Ask Queue Server and Tell Queue Server These Servers behave in the same way as in the CCD 

architecture, except that tell messages contain linearizations of a re- write, as explained in Section [3.31 

Answer Processor The Answer Processor (AP) in a STS performs the job of the Answer Processor and 
the Query Program Processor in a CDR Source. Thus, an AP receives either a query re-write to evaluate, 
or the interpretation of a set of foreign terms. 

4.5 Query evaluation in the DCR Approach 

This approach is dual to CDR. It includes two types of sources: Source and Server Interpretation Source. 
The life-cycle of a query in both types of sources is identical to that of the CDR Server Taxonomy Source. 

DCR Source A DCR Source does not have any interpretation, it only has the taxonomy of the terms 
in its own terminology and articulations. When it receives queries from local applications, it cooperates 
with other sources in order to carry out the re-writing stage. In particular, it sends ask messages for the 
re-writing of foreign terms, and receives ask messages for the re-writing of its own terms, tell messages 
flow correspondingly. When the re-writing stage is completed, the source sends the obtained query re-write 
to a Server Interpretation Source for evaluation. 

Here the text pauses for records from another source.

(* At every point $R\in V_N$ with $q(R)>0$, the Cartan tensor $C_{pqr}=\frac12\partial g_{pq}/\partial R^r$ of the Finsleroid metric function satisfies $$C_tC^t=\frac{N^2}{4K^2}\,g^2,$$ and, if $g\neq0$, $$C_{pqr}=\frac1N\Big(h_{pq}C_r+h_{pr}C_q+h_{qr}C_p-\frac{1}{C_sC^s}C_pC_qC_r\Big).$$
   Context: Let $N\ge2$, $V_N=\mathbb{R}^N$ with points $R=(R^1,\dots,R^N)$, $Z=R^N$; indices $a,b$ run over $1,\dots,N-1$, indices $p,q,r,s,t$ over $1,\dots,N$, repeated indices summed. Fix a symmetric positive-definite matrix $(r_{ab})$, $q(R)=\sqrt{r_{ab}R^aR^b}$. Fix $g\in(-2,2)$, $h=\sqrt{1-g^2/4}$, $G=g/h$. Define $B(g;R)=Z^2+gqZ+q^2$, $A(g;R)=Z+\frac12gq$, $\Phi(g;R)=\arctan(A/(hq))$ for $q>0$ ($\Phi=\pm\pi/2$ if $q=0$, $Z\gtrless0$), $J=e^{\frac12G\Phi}$, and $K(g;R)=\sqrt{B}\,J$. Let $g_{pq}=\frac12\partial^2K^2/\partial R^p\partial R^q$ with inverse $g^{pq}$, $R_p=\frac12\partial K^2/\partial R^p$, angular metric tensor $h_{pq}=g_{pq}-R_pR_q/K^2$, $C_p=g^{qr}C_{pqr}$, $C^p=g^{pq}C_q$. *)

theory Defs
  imports "HOL-Analysis.Analysis"
begin

text \<open>Points of V_N are vectors R :: real^'n with N = CARD('n). A distinguished index
  z :: 'n plays the role of the last coordinate Z = R^N; the remaining indices play the
  role of a, b = 1..N-1. The matrix (r_ab) is rr :: 'n => 'n => real (only its entries
  with a, b ~= z matter). gg is the Finsleroid parameter g.\<close>

definition qf :: "('n::finite \<Rightarrow> 'n \<Rightarrow> real) \<Rightarrow> 'n \<Rightarrow> real^'n \<Rightarrow> real" where
  "qf rr z R = sqrt (\<Sum>a\<in>UNIV - {z}. \<Sum>b\<in>UNIV - {z}. rr a b * R$a * R$b)"

definition hh :: "real \<Rightarrow> real" where
  "hh gg = sqrt (1 - gg^2 / 4)"

definition GG :: "real \<Rightarrow> real" where
  "GG gg = gg / hh gg"

definition Bf :: "('n::finite \<Rightarrow> 'n \<Rightarrow> real) \<Rightarrow> 'n \<Rightarrow> real \<Rightarrow> real^'n \<Rightarrow> real" where
  "Bf rr z gg R = (R$z)^2 + gg * qf rr z R * R$z + (qf rr z R)^2"

definition Af :: "('n::finite \<Rightarrow> 'n \<Rightarrow> real) \<Rightarrow> 'n \<Rightarrow> real \<Rightarrow> real^'n \<Rightarrow> real" where
  "Af rr z gg R = R$z + 1/2 * gg * qf rr z R"

definition Phif :: "('n::finite \<Rightarrow> 'n \<Rightarrow> real) \<Rightarrow> 'n \<Rightarrow> real \<Rightarrow> real^'n \<Rightarrow> real" where
  "Phif rr z gg R =
     (if qf rr z R > 0 then arctan (Af rr z gg R / (hh gg * qf rr z R))
      else if R$z > 0 then pi/2 else - pi/2)"

definition Jf :: "('n::finite \<Rightarrow> 'n \<Rightarrow> real) \<Rightarrow> 'n \<Rightarrow> real \<Rightarrow> real^'n \<Rightarrow> real" where
  "Jf rr z gg R = exp (1/2 * GG gg * Phif rr z gg R)"

definition Kf :: "('n::finite \<Rightarrow> 'n \<Rightarrow> real) \<Rightarrow> 'n \<Rightarrow> real \<Rightarrow> real^'n \<Rightarrow> real" where
  "Kf rr z gg R = sqrt (Bf rr z gg R) * Jf rr z gg R"

definition partial :: "(real^'n::finite \<Rightarrow> real) \<Rightarrow> 'n \<Rightarrow> real^'n \<Rightarrow> real" where
  "partial f p R = deriv (\<lambda>t. f (R + t *\<^sub>R axis p 1)) 0"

Server Interpretation Source A Server Interpretation Source (SIS) has its own taxonomy and the whole 
network interpretation. It carries out the re-writing of queries in cooperation with the other sources, and in 
addition evaluates query re-writes. 

4.6 Query evaluation in the DDR Approach 

Similarly to the DDD approach, there is only one type of Source in DDR. A DDR Source receives queries 
from local applications, and answer, ask, tell, and interpretation request messages from other sources. 
The Source carries out both the first and the second stage of re-write based query evaluation method in 
cooperation with the other sources. 

5 Performance Evaluation 

In order to evaluate and compare the algorithms described in the previous Section from a performance point 
of view, a simulation experiment has been run for each of the 5 methods, using the same underlying network 
and under the same query flow. The results of this experiment are summarized in Table SI which also 
indicates how long it took to obtain a stable average response time in each case. The rest of this Section is 
devoted to a description of the way these results have been obtained, and a discussion on their meaning.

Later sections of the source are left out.